A book of condolences is starting to fill up there, as old friends remembered the Layton they knew before he became a national politician.

"He was just a really fun guy scampering around full of energy," said family friend Linda May. "He was definitely a doer."

At the school where Layton entered student politics for the first time, the former Hudson High School, the flags were lowered as well out of respect for a native son who never lost his pride for Hudson even though he made a name for himself in Toronto.

"People who have ever lived in Hudson, they always think of Hudson as their hometown," said Rod Hodgson, a local historian. "And he was a hometown boy."

A look through the Hudson High School 1967 yearbook shows a youthful Layton sending a message to his fellow graduates of where he was heading.

"I leave to become prime minister," Layton wrote as his goodbye line.

Layton fell just short of that goal in the 2011 election, leading the NDP to official opposition status with 103 seats in the House Commons.

More than half of those seats – 59 to be exact – came from Quebec, a province that became so enamoured with Layton's message that many voters cast ballots for candidates they had never even heard of before.

"It's a very rare thing in politics to see a political leader as liked as Jack Layton was," said Gazette Quebec affairs columnist Don MacPherson.

The orange wave that took over Quebec had Layton's fingerprints all over it, and now that he has passed on, the party needs to find a way to maintain that momentum ahead of the next election.

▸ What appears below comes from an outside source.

(* Let $N\in\mathbb N$. The ring $R_J(N)$ contains: (1) the Laurent polynomials $\mathbb C[\zeta^{1/N},\zeta^{-1/N},q^{1/N},q^{-1/N}]$; (2) the Fourier expansions of weakly holomorphic Jacobi forms of level $N$ (of any weight $k$ and index $m\ge0$); (3) every infinite product of the form $\prod_{j=1}^\infty\bigl(1+q^{j/N}h_j(q^{1/N},\zeta^{1/N})\bigr)$, where each $h_j\in\mathbb C[q,\zeta,\zeta^{-1}]$ is either zero or a polynomial, and there is $D>0$ with $\deg_\zeta h_j\le D$ for all $j$, where $\deg_\zeta h_j=\max\{|r|:\ \zeta^r \text{ occurs in } h_j \text{ with nonzero coefficient}\}$.
   Context: $R(N)=\mathbb C[\zeta^{1/N},\zeta^{-1/N}]((q^{1/N}))$ is the ring of formal series $f=\sum_{n,r\in\frac1N\mathbb Z}c(n,r)q^n\zeta^r$ such that for each $n$ only finitely many $r$ have $c(n,r)\ne0$ and $n$ is bounded below on $\operatorname{supp}(f)=\{(n,r): c(n,r)\neq0\}$. $R_J(N)$ is the set of $f\in R(N)$ for which there exist $a>0$, $b,c\in\mathbb R$ with $\operatorname{supp}(f)\subseteq\{(n,r): n\ge ar^2+br+c\}$. Here $q=e^{2\pi i\tau}$, $\zeta=e^{2\pi i z}$ for $(\tau,z)\in\mathcal H_1\times\mathbb C$. Let $P_{2,1}(\mathbb Z)$ be the subgroup of $\operatorname{Sp}_2(\mathbb Z)$ of matrices whose entries in positions (1,2), (3,2), (4,1), (4,2), (4,3) vanish, and $\Gamma_2(N)=\{\sigma\in\operatorname{Sp}_2(\mathbb Z):\sigma\equiv I_4 \bmod N\}$. For $m\in\mathbb Q_{\ge0}$ and $2k\in\mathbb Z$, a weakly holomorphic Jacobi form of weight $k$, index $m$ and level $N$ is a holomorphic $\phi:\mathcal H_1\times\mathbb C\to\mathbb C$ such that $\tilde\phi\begin{pmatrix}\tau&z\\ z&\omega\end{pmatrix}=\phi(\tau,z)e^{2\pi i m\omega}$ satisfies $\det(C\Omega+D)^{-k}\tilde\phi(\sigma\langle\Omega\rangle)=\chi(\sigma)\tilde\phi(\Omega)$ for all $\sigma=\begin{pmatrix}A&B\\C&D\end{pmatrix}\in P_{2,1}(\mathbb Z)\cap\Gamma_2(N)$ (for a fixed multiplier $\chi$ of finite order), whose Fourier expansion $\sum c(n,r)q^n\zeta^r$ has $n,r\in\frac1N\mathbb Z$ with $n$ bounded below on the support (and similarly at each cusp). *)

theory Defs
  imports "HOL-Analysis.Analysis"
begin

"Each MP from Quebec embodies the same values that Jack did," said Jamie Nicholls, MP for Vaudreuil-Soulanges. "We'll continue on with the same strategy."

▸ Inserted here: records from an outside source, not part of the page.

(* Let $p>p_0\geq 1$ be integers and let $f_n\in C[0,1]^p$. Define $\beta_0\in\mathbb{R}$ and $\boldsymbol{\beta}=(\beta_1,\ldots,\beta_p)'\in\mathbb{R}^p$ (the best linear approximation of $f_n$) by $$\beta_0+\boldsymbol{\beta}'\mathbf{x}=\mathop{\arg\min}_{g\in\{\phi_0+\boldsymbol{\phi}'\mathbf{x}:\ \phi_0\in\mathbb{R},\ \boldsymbol{\phi}\in\mathbb{R}^p\}}\int_{[0,1]^p}\left[f_n(\mathbf{x})-g(\mathbf{x})\right]^2d\mathbf{x}.$$ Suppose there exist $\widetilde{f}_n\in C[0,1]^{p_0}$ and $\eta_n>0$ such that $$\sup_{(x_1,\ldots,x_p)'\in[0,1]^p}\left|f_n(x_1,\ldots,x_p)-\widetilde{f}_n(x_1,\ldots,x_{p_0})\right|<\eta_n,$$ and a positive constant $\tau$ such that for each $j=1,\ldots,p_0$, $$\left|\int_{[0,1]^p}x_jf_n(\mathbf{x})d\mathbf{x}-\frac12\int_{[0,1]^p}f_n(\mathbf{x})d\mathbf{x}\right|>\tau.$$ Then $|\beta_j|<12\eta_n$ for $j=p_0+1,\ldots,p$, and $|\beta_j|>12\tau$ for $j=1,\ldots,p_0$.
   Context: $\mathbf{x}=(x_1,\ldots,x_p)'$ and $C[0,1]^d$ denotes the continuous real functions on $[0,1]^d$. *)

theory Defs
  imports "HOL-Analysis.Analysis" "HOL-Probability.Probability"
begin

text \<open>Points of [0,1]^p are represented as extensional functions nat \<Rightarrow> real
  with coordinates indexed by 1..p (undefined outside).\<close>

definition unit_cube :: "nat \<Rightarrow> (nat \<Rightarrow> real) set" where
  "unit_cube p = PiE {1..p} (\<lambda>_. {0..1})"

definition cube_measure :: "nat \<Rightarrow> (nat \<Rightarrow> real) measure" where
  "cube_measure p = PiM {1..p} (\<lambda>_. restrict_space lborel {0..1})"

definition cube_integral :: "nat \<Rightarrow> ((nat \<Rightarrow> real) \<Rightarrow> real) \<Rightarrow> real" where
  "cube_integral p g = integral\<^sup>L (cube_measure p) g"

definition best_linear_approx ::
  "nat \<Rightarrow> ((nat \<Rightarrow> real) \<Rightarrow> real) \<Rightarrow> real \<Rightarrow> (nat \<Rightarrow> real) \<Rightarrow> bool" where
  "best_linear_approx p f b0 b \<longleftrightarrow>
     (\<forall>phi0 phi.
        cube_integral p (\<lambda>x. (f x - (b0 + (\<Sum>j=1..p. b j * x j)))\<^sup>2)
        \<le> cube_integral p (\<lambda>x. (f x - (phi0 + (\<Sum>j=1..p. phi j * x j)))\<^sup>2))"

end

theory Submission
  imports Defs
begin

text \<open>Perturbing the optimal affine function in the direction \<open>x\<^sub>j - 1/2\<close> shows that the
  residual \<open>f - (\<beta>\<^sub>0 + \<beta>'x)\<close> is orthogonal to \<open>x\<^sub>j - 1/2\<close>. The centred coordinates are
  orthogonal to constants and to each other and have squared norm \<open>1/12\<close>, hence
  \<open>\<beta>\<^sub>j = 12 \<integral> f(x) (x\<^sub>j - 1/2) dx\<close>, which for \<open>j \<le> p\<^sub>0\<close> is \<open>12 (\<integral> x\<^sub>j f - \<integral> f / 2)\<close>.
  For \<open>j > p\<^sub>0\<close> the function \<open>ft(x\<^sub>1, \<dots>, x\<^sub>p\<^sub>0)\<close> does not depend on \<open>x\<^sub>j\<close> and is therefore
  orthogonal to \<open>x\<^sub>j - 1/2\<close>, so \<open>\<integral> f(x) (x\<^sub>j - 1/2) dx = \<integral> (f - ft)(x) (x\<^sub>j - 1/2) dx\<close> is at
  most \<open>\<eta>/2\<close> in absolute value; in fact \<open>|\<beta>\<^sub>j| \<le> 6\<eta>\<close>.\<close>

abbreviation uniform01 :: "real measure" where
  "uniform01 \<equiv> restrict_space lborel {0..1}"

lemma prob_space_uniform01: "prob_space uniform01"
  by (intro prob_spaceI) (simp add: emeasure_restrict_space space_restrict_space)

lemma integral_uniform01_FTC:
  assumes "\<And>y. (F has_real_derivative q y) (at y)" and "continuous_on {0..1} q"
  shows "(\<integral>y. q y \<partial>uniform01) = F 1 - F 0"
proof -
  have "(\<integral>y. q y \<partial>uniform01) = integral\<^sup>L lborel (\<lambda>y. indicator {0..1::real} y *\<^sub>R q y)"
    by (rule integral_restrict_space) simp
  also have "\<dots> = F 1 - F 0"
    by (rule integral_FTC_atLeastAtMost)
       (use assms in \<open>auto simp: has_real_derivative_iff_has_vector_derivative[symmetric]
                        intro: has_field_derivative_at_within\<close>)
  finally show ?thesis .
qed

lemma integral_uniform01_centered: "(\<integral>y. y - 1/2 \<partial>uniform01) = 0"
proof -
  have "(\<integral>y. y - 1/2 \<partial>uniform01) = (\<lambda>y::real. y\<^sup>2/2 - y/2) 1 - (\<lambda>y. y\<^sup>2/2 - y/2) 0"
    by (rule integral_uniform01_FTC) (auto intro!: derivative_eq_intros continuous_intros)
  then show ?thesis by simp
qed

lemma integral_uniform01_mult_centered: "(\<integral>y. y * (y - 1/2) \<partial>uniform01) = 1/12"
proof -
  have "(\<integral>y. y * (y - 1/2) \<partial>uniform01) = (\<lambda>y::real. y^3/3 - y\<^sup>2/4) 1 - (\<lambda>y. y^3/3 - y\<^sup>2/4) 0"
    by (rule integral_uniform01_FTC)
       (auto intro!: derivative_eq_intros continuous_intros simp: power2_eq_square algebra_simps)
  then show ?thesis by simp
qed

lemma prob_space_cube_measure: "prob_space (cube_measure n)"
  unfolding cube_measure_def by (intro prob_space_PiM prob_space_uniform01)

lemma space_cube_measure: "space (cube_measure n) = unit_cube n"
  unfolding cube_measure_def unit_cube_def by (simp add: space_PiM space_restrict_space)

lemma unit_cube_coordinate:
  assumes "x \<in> unit_cube n" and "j \<in> {1..n}"
  shows "0 \<le> x j" and "x j \<le> 1"
  using assms by (auto simp: unit_cube_def PiE_iff)

lemma compact_unit_cube: "compact (unit_cube n)"
proof -
  have "unit_cube n = PiE UNIV (\<lambda>i. if i \<in> {1..n} then {0..1} else {undefined})"
    unfolding unit_cube_def by (auto simp: PiE_iff extensional_def split: if_splits)
  then have "compactin (product_topology (\<lambda>_. euclidean) UNIV) (unit_cube n)"
    by (simp add: compactin_PiE)
  then show ?thesis by (simp add: euclidean_product_topology)
qed

lemma continuous_on_coordinate [continuous_intros]: "continuous_on S (\<lambda>x::_ \<Rightarrow> real. x i)"
  by (rule continuous_on_subset[OF continuous_on_product_coordinates]) simp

The NDP will have Nycole Turmel, a rookie MP for Hull-Aylmer, as its interim leader until a leadership convention can be held, meaning the party will enter the next session of Parliament in an unprecedented role as official opposition without an elected leader.

Thomas Mulcair, the MP for Outremont, is considered by some to be the frontrunner for the eventual leadership of the party, a Quebec caucus member with experience who can perhaps unite the wave of rookie MPs from the province with the veteran core from the rest of Canada.

"This fall," Mulcair said, "we'll roll out a lot of legislation that's been promised with regard to giving real recognition to the Quebec nation within Canada."

While the future of the NDP appears a bit murky right now so soon after the death of its leader, there is no huge rush to figure out a new strategy with a majority Conservative government in place that has not even been in office for a year – meaning an election is still far off on the horizon.

"It happened early in the electoral cycle," MacPherson notes. "The NDP has three years ahead of it so it can adjust to its new role and grow into its new role."